No one can live in this upside-down world, she told the voice, where someone helps you and you hurt him in return. I can’t repay him even by reviving him, but I can take small steps.

The voice fell silent. It knew that reasoning with her was pointless.

She walked into Alogun’s home to absolute silence. The watching deities stood stunned, likely confused at her sudden arrival and the sense of purpose in her steps. She found Achi’s body where her senses had told her it would be, lying unceremoniously on the ground with Alogun beside it. The sight tore at her, so she pressed forward and knelt beside the body. She ignored Alogun’s confused stare and the others approaching footsteps. She ignored the feel of Alogun’s barrier forming around the building, trapping her in.

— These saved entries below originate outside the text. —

lemma orth_proj_pythagoras:
  assumes P: "orth_proj d P" and v: "v \<in> carrier_vec d"
  shows "Re (v \<bullet>c v) = Re ((P *\<^sub>v v) \<bullet>c (P *\<^sub>v v)) + Re ((v - P *\<^sub>v v) \<bullet>c (v - P *\<^sub>v v))"
proof -
  have Pc: "P \<in> carrier_mat d d" and herm: "mat_adjoint P = P"
    using P by (auto simp: orth_proj_def)
  define x where "x = P *\<^sub>v v"
  define u where "u = v - x"
  have x: "x \<in> carrier_vec d" and u: "u \<in> carrier_vec d"
    using Pc v by (auto simp: x_def u_def)
  have "x \<bullet>c x = v \<bullet>c (P *\<^sub>v x)"
    unfolding x_def using hermitian_cscalar_prod[OF Pc herm v] Pc v by simp
  also have "\<dots> = x \<bullet>c v"
    unfolding x_def using orth_proj_idem_vec[OF P v] hermitian_cscalar_prod[OF Pc herm v v] by simp
  finally have xu: "x \<bullet>c u = 0"
    unfolding u_def using cscalar_prod_diff_right[OF x v x] by simp
  then have ux: "u \<bullet>c x = 0"
    using cscalar_prod_swap[OF u x] by simp
  have "v = x + u"
    unfolding u_def using x v by (intro eq_vecI) auto
  then have "v \<bullet>c v = x \<bullet>c x + x \<bullet>c u + (u \<bullet>c x + u \<bullet>c u)"
    using x u by (simp add: cscalar_prod_add_left[of _ d] cscalar_prod_add_right[of _ d])
  then show ?thesis
    using xu ux by (simp add: x_def u_def)
qed

lemma orth_proj_norm_le:
  "orth_proj d P \<Longrightarrow> v \<in> carrier_vec d \<Longrightarrow> Re ((P *\<^sub>v v) \<bullet>c (P *\<^sub>v v)) \<le> Re (v \<bullet>c v)"
  using orth_proj_pythagoras Re_cscalar_prod_self_ge_0 by (metis le_add_same_cancel1)

lemma orth_proj_norm_eq_imp_fixes:
  assumes P: "orth_proj d P" and v: "v \<in> carrier_vec d"
    and eq: "Re ((P *\<^sub>v v) \<bullet>c (P *\<^sub>v v)) = Re (v \<bullet>c v)"
  shows "P *\<^sub>v v = v"
proof -
  have Pv: "P *\<^sub>v v \<in> carrier_vec d"
    using orth_proj_carrier[OF P] v by simp
  have "Re ((v - P *\<^sub>v v) \<bullet>c (v - P *\<^sub>v v)) = 0"
    using orth_proj_pythagoras[OF P v] eq by simp
  then have "v - P *\<^sub>v v = 0\<^sub>v d"
    using Re_cscalar_prod_self_eq_0_iff[of "v - P *\<^sub>v v" d] Pv v by simp
  then show ?thesis
    using diff_eq_0_vec_imp_eq[OF v Pv] by simp
qed

lemma mprod_list_Nil [simp]: "mprod_list d [] = 1\<^sub>m d"
  by (simp add: mprod_list_def)

lemma mprod_list_Cons [simp]: "mprod_list d (M # Ms) = M * mprod_list d Ms"
  by (simp add: mprod_list_def)

lemma mprod_list_carrier: "\<forall>M\<in>set Ms. orth_proj d M \<Longrightarrow> mprod_list d Ms \<in> carrier_mat d d"
  by (induction Ms) (auto simp: orth_proj_def)

lemma mprod_list_Cons_mult_vec:
  "\<forall>M\<in>set (M # Ms). orth_proj d M \<Longrightarrow> v \<in> carrier_vec d \<Longrightarrow>
   mprod_list d (M # Ms) *\<^sub>v v = M *\<^sub>v (mprod_list d Ms *\<^sub>v v)"
  using mprod_list_carrier[of Ms d] orth_proj_carrier[of d M] by (simp add: assoc_mult_mat_vec)

lemma mprod_list_norm_le:
  "\<forall>M\<in>set Ms. orth_proj d M \<Longrightarrow> v \<in> carrier_vec d \<Longrightarrow>
   Re ((mprod_list d Ms *\<^sub>v v) \<bullet>c (mprod_list d Ms *\<^sub>v v)) \<le> Re (v \<bullet>c v)"
proof (induction Ms)
  case Nil
  then show ?case by simp
next
  case (Cons M Ms)
  have "mprod_list d Ms *\<^sub>v v \<in> carrier_vec d"
    using mprod_list_carrier[of Ms d] Cons.prems by simp
  then show ?case
    using mprod_list_Cons_mult_vec[OF Cons.prems] orth_proj_norm_le[of d M] Cons
    by (metis list.set_intros(1) list.set_intros(2) order_trans)
qed

lemma mprod_list_fixes_iff:
  "\<forall>M\<in>set Ms. orth_proj d M \<Longrightarrow> v \<in> carrier_vec d \<Longrightarrow>
   mprod_list d Ms *\<^sub>v v = v \<longleftrightarrow> (\<forall>M\<in>set Ms. M *\<^sub>v v = v)"
proof (induction Ms)
  case Nil
  then show ?case by simp
next
  case (Cons M Ms)
  have M: "orth_proj d M" and Ms: "\<forall>M\<in>set Ms. orth_proj d M"
    using Cons.prems by auto
  define w where "w = mprod_list d Ms *\<^sub>v v"
  have w: "w \<in> carrier_vec d"
    using mprod_list_carrier[OF Ms] Cons.prems by (simp add: w_def)
  have prod: "mprod_list d (M # Ms) *\<^sub>v v = M *\<^sub>v w"
    unfolding w_def using mprod_list_Cons_mult_vec[OF Cons.prems] .
  show ?case
  proof
    assume fixed: "mprod_list d (M # Ms) *\<^sub>v v = v"
    have "Re ((M *\<^sub>v w) \<bullet>c (M *\<^sub>v w)) = Re (w \<bullet>c w)"
      using orth_proj_norm_le[OF M w] mprod_list_norm_le[OF Ms Cons.prems(2)] fixed prod
      by (simp add: w_def)
    then have "M *\<^sub>v w = w"
      using orth_proj_norm_eq_imp_fixes[OF M w] by simp
    then show "\<forall>M\<in>set (M # Ms). M *\<^sub>v v = v"
      using Cons.IH[OF Ms Cons.prems(2)] fixed prod by (simp add: w_def)
  next
    assume "\<forall>M\<in>set (M # Ms). M *\<^sub>v v = v"
    then show "mprod_list d (M # Ms) *\<^sub>v v = v"
      using Cons.IH[OF Ms Cons.prems(2)] prod by (simp add: w_def)
  qed
qed

definition has_common_unit_fixed_vector :: "nat \<Rightarrow> complex mat set \<Rightarrow> bool" where
  "has_common_unit_fixed_vector d Ms \<longleftrightarrow>
     (\<exists>\<psi>\<in>carrier_vec d. \<psi> \<bullet>c \<psi> = 1 \<and> (\<forall>M\<in>Ms. M *\<^sub>v \<psi> = \<psi>))"

lemma exists_unit_multiple:
  assumes v: "(v :: complex vec) \<in> carrier_vec d" and nz: "v \<noteq> 0\<^sub>v d"
  shows "\<exists>k. (k \<cdot>\<^sub>v v) \<bullet>c (k \<cdot>\<^sub>v v) = 1"
proof -
  define r where "r = Re (v \<bullet>c v)"
  have r: "r > 0"
    using Re_cscalar_prod_self_ge_0[of v] Re_cscalar_prod_self_eq_0_iff[OF v] nz
    by (simp add: r_def)
  have vv: "v \<bullet>c v = of_real r"
    unfolding r_def by (rule cscalar_prod_self_real)
  define k where "k = complex_of_real (1 / sqrt r)"
  have "(k \<cdot>\<^sub>v v) \<bullet>c (k \<cdot>\<^sub>v v) = k * cnj k * of_real r"
    using v vv by (simp add: cscalar_prod_smult_right[of _ d] mult.assoc)
  also have "\<dots> = of_real ((1 / sqrt r) * (1 / sqrt r) * r)"
    unfolding k_def by (simp only: complex_cnj_complex_of_real of_real_mult)
  also have "\<dots> = 1"
    using r by simp
  finally show ?thesis by blast
qed

lemma det_mprod_list_minus_one_eq_0_iff:
  assumes Ms: "\<forall>M\<in>set Ms. orth_proj d M"
  shows "det (mprod_list d Ms - 1\<^sub>m d) = 0 \<longleftrightarrow> has_common_unit_fixed_vector d (set Ms)"
proof -
  have P: "mprod_list d Ms \<in> carrier_mat d d"
    using mprod_list_carrier[OF Ms] .
  have kernel: "(mprod_list d Ms - 1\<^sub>m d) *\<^sub>v v = 0\<^sub>v d \<longleftrightarrow> (\<forall>M\<in>set Ms. M *\<^sub>v v = v)"
    if v: "v \<in> carrier_vec d" for v
  proof -
    have "(mprod_list d Ms - 1\<^sub>m d) *\<^sub>v v = mprod_list d Ms *\<^sub>v v - v"
      using P v by (simp add: minus_mult_distrib_mat_vec[OF P _ v])
    then show ?thesis
      using diff_eq_0_vec_imp_eq[of "mprod_list d Ms *\<^sub>v v" d v] mprod_list_fixes_iff[OF Ms v] P v
      by auto
  qed
  have scale: "M *\<^sub>v (k \<cdot>\<^sub>v v) = k \<cdot>\<^sub>v v"
    if "M \<in> set Ms" "v \<in> carrier_vec d" "M *\<^sub>v v = v" for M v k
    using that Ms mult_mat_vec[of M d d v k] by (simp add: orth_proj_def)
  have "det (mprod_list d Ms - 1\<^sub>m d) = 0 \<longleftrightarrow>
        (\<exists>v\<in>carrier_vec d. v \<noteq> 0\<^sub>v d \<and> (\<forall>M\<in>set Ms. M *\<^sub>v v = v))"
    using P kernel by (subst det_0_iff_vec_prod_zero) auto
  also have "\<dots> \<longleftrightarrow> has_common_unit_fixed_vector d (set Ms)"
  proof
    assume "\<exists>v\<in>carrier_vec d. v \<noteq> 0\<^sub>v d \<and> (\<forall>M\<in>set Ms. M *\<^sub>v v = v)"
    then obtain v where v: "v \<in> carrier_vec d" "v \<noteq> 0\<^sub>v d" "\<forall>M\<in>set Ms. M *\<^sub>v v = v"
      by blast
    obtain k where "(k \<cdot>\<^sub>v v) \<bullet>c (k \<cdot>\<^sub>v v) = 1"
      using exists_unit_multiple[OF v(1,2)] by blast
    then show "has_common_unit_fixed_vector d (set Ms)"
      unfolding has_common_unit_fixed_vector_def using v scale by (intro bexI[of _ "k \<cdot>\<^sub>v v"]) auto
  next
    assume "has_common_unit_fixed_vector d (set Ms)"
    then show "\<exists>v\<in>carrier_vec d. v \<noteq> 0\<^sub>v d \<and> (\<forall>M\<in>set Ms. M *\<^sub>v v = v)"
      unfolding has_common_unit_fixed_vector_def by (metis conjugate_square_eq_0_vec zero_neq_one)
  qed
  finally show ?thesis .
qed

section \<open>Subtracting a rank-one operator from a positive semidefinite one\<close>

lemma outer_carrier [simp]: "outer d \<psi> \<in> carrier_mat d d"
  by (simp add: outer_def)

lemma outer_mult_vec:
  assumes \<psi>: "\<psi> \<in> carrier_vec d" and u: "u \<in> carrier_vec d"
  shows "outer d \<psi> *\<^sub>v u = (u \<bullet>c \<psi>) \<cdot>\<^sub>v \<psi>"
proof (rule eq_vecI)
  fix i
  assume "i < dim_vec ((u \<bullet>c \<psi>) \<cdot>\<^sub>v \<psi>)"
  then have i: "i < d"
    using \<psi> by simp
  have "(outer d \<psi> *\<^sub>v u) $ i = (\<Sum>j\<in>{0..<d}. \<psi> $ i * cnj (\<psi> $ j) * u $ j)"
    using i u by (simp add: outer_def scalar_prod_def row_def)
  also have "\<dots> = \<psi> $ i * (\<Sum>j\<in>{0..<d}. u $ j * cnj (\<psi> $ j))"
    by (simp add: sum_distrib_left mult_ac)
  also have "\<dots> = ((u \<bullet>c \<psi>) \<cdot>\<^sub>v \<psi>) $ i"
    using i u \<psi> by (simp add: scalar_prod_def)
  finally show "(outer d \<psi> *\<^sub>v u) $ i = ((u \<bullet>c \<psi>) \<cdot>\<^sub>v \<psi>) $ i" .
qed (use \<psi> in \<open>auto simp: outer_def\<close>)

lemma smult_mat_mult_vec:
  "A \<in> carrier_mat n n \<Longrightarrow> v \<in> carrier_vec n \<Longrightarrow> (k \<cdot>\<^sub>m A) *\<^sub>v v = k \<cdot>\<^sub>v (A *\<^sub>v (v :: complex vec))"
  by (intro eq_vecI) auto

lemma cscalar_prod_minus_outer:
  assumes S: "(S :: complex mat) \<in> carrier_mat d d" and \<psi>: "\<psi> \<in> carrier_vec d"
    and v: "v \<in> carrier_vec d"
  shows "((S - k \<cdot>\<^sub>m outer d \<psi>) *\<^sub>v v) \<bullet>c v = (S *\<^sub>v v) \<bullet>c v - k * of_real (cmod (v \<bullet>c \<psi>)^2)"
proof -
  have "(k \<cdot>\<^sub>m outer d \<psi>) *\<^sub>v v = (k * (v \<bullet>c \<psi>)) \<cdot>\<^sub>v \<psi>"
    using smult_mat_mult_vec[OF outer_carrier v] outer_mult_vec[OF \<psi> v] by (simp add: smult_smult_assoc)
  then have "(S - k \<cdot>\<^sub>m outer d \<psi>) *\<^sub>v v = S *\<^sub>v v - (k * (v \<bullet>c \<psi>)) \<cdot>\<^sub>v \<psi>"
    using S v by (simp add: minus_mult_distrib_mat_vec[of _ d d])
  then have "((S - k \<cdot>\<^sub>m outer d \<psi>) *\<^sub>v v) \<bullet>c v = (S *\<^sub>v v) \<bullet>c v - k * (v \<bullet>c \<psi>) * (\<psi> \<bullet>c v)"
    using S v \<psi> by (simp add: cscalar_prod_diff_left[of _ d])
  then show ?thesis
    using cscalar_prod_swap[OF \<psi> v] by (simp add: complex_norm_square[symmetric] mult.assoc)
qed

lemma hermitian_minus_outer:
  assumes S: "(S :: complex mat) \<in> carrier_mat d d" and herm: "mat_adjoint S = S"
  shows "mat_adjoint (S - of_real e \<cdot>\<^sub>m outer d \<psi>) = S - of_real e \<cdot>\<^sub>m outer d \<psi>"
proof (rule eq_matI)
  fix i j
  assume "i < dim_row (S - of_real e \<cdot>\<^sub>m outer d \<psi>)" "j < dim_col (S - of_real e \<cdot>\<^sub>m outer d \<psi>)"
  then have ij: "i < d" "j < d"
    using S by (auto simp: outer_def)
  have "S $$ (i,j) = cnj (S $$ (j,i))"
    using index_mat_adjoint[OF S ij] herm by simp
  then show "mat_adjoint (S - of_real e \<cdot>\<^sub>m outer d \<psi>) $$ (i,j) = (S - of_real e \<cdot>\<^sub>m outer d \<psi>) $$ (i,j)"
    using S ij by (subst index_mat_adjoint[of _ d]) (auto simp: outer_def)
qed (use S in \<open>auto simp: mat_adjoint_def outer_def\<close>)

She bent over Achi, and as quickly as the idea formed in her mind, she kissed him. A wave of power left her, like a massive breath, and washed over the room, bathing her, the body, the witnesses, and every wall.

It seemed to linger for a moment, heavy in the air. And then, in one instant, it dissolved, taking with it her strength and every trace of compulsion in her mind.

It felt like suddenly coming awake when you had not known that you were asleep. She knew where she was. She recognized most of the gathered deities. She even recalled every step that had brought her to that position, but she struggled to understand why she was there.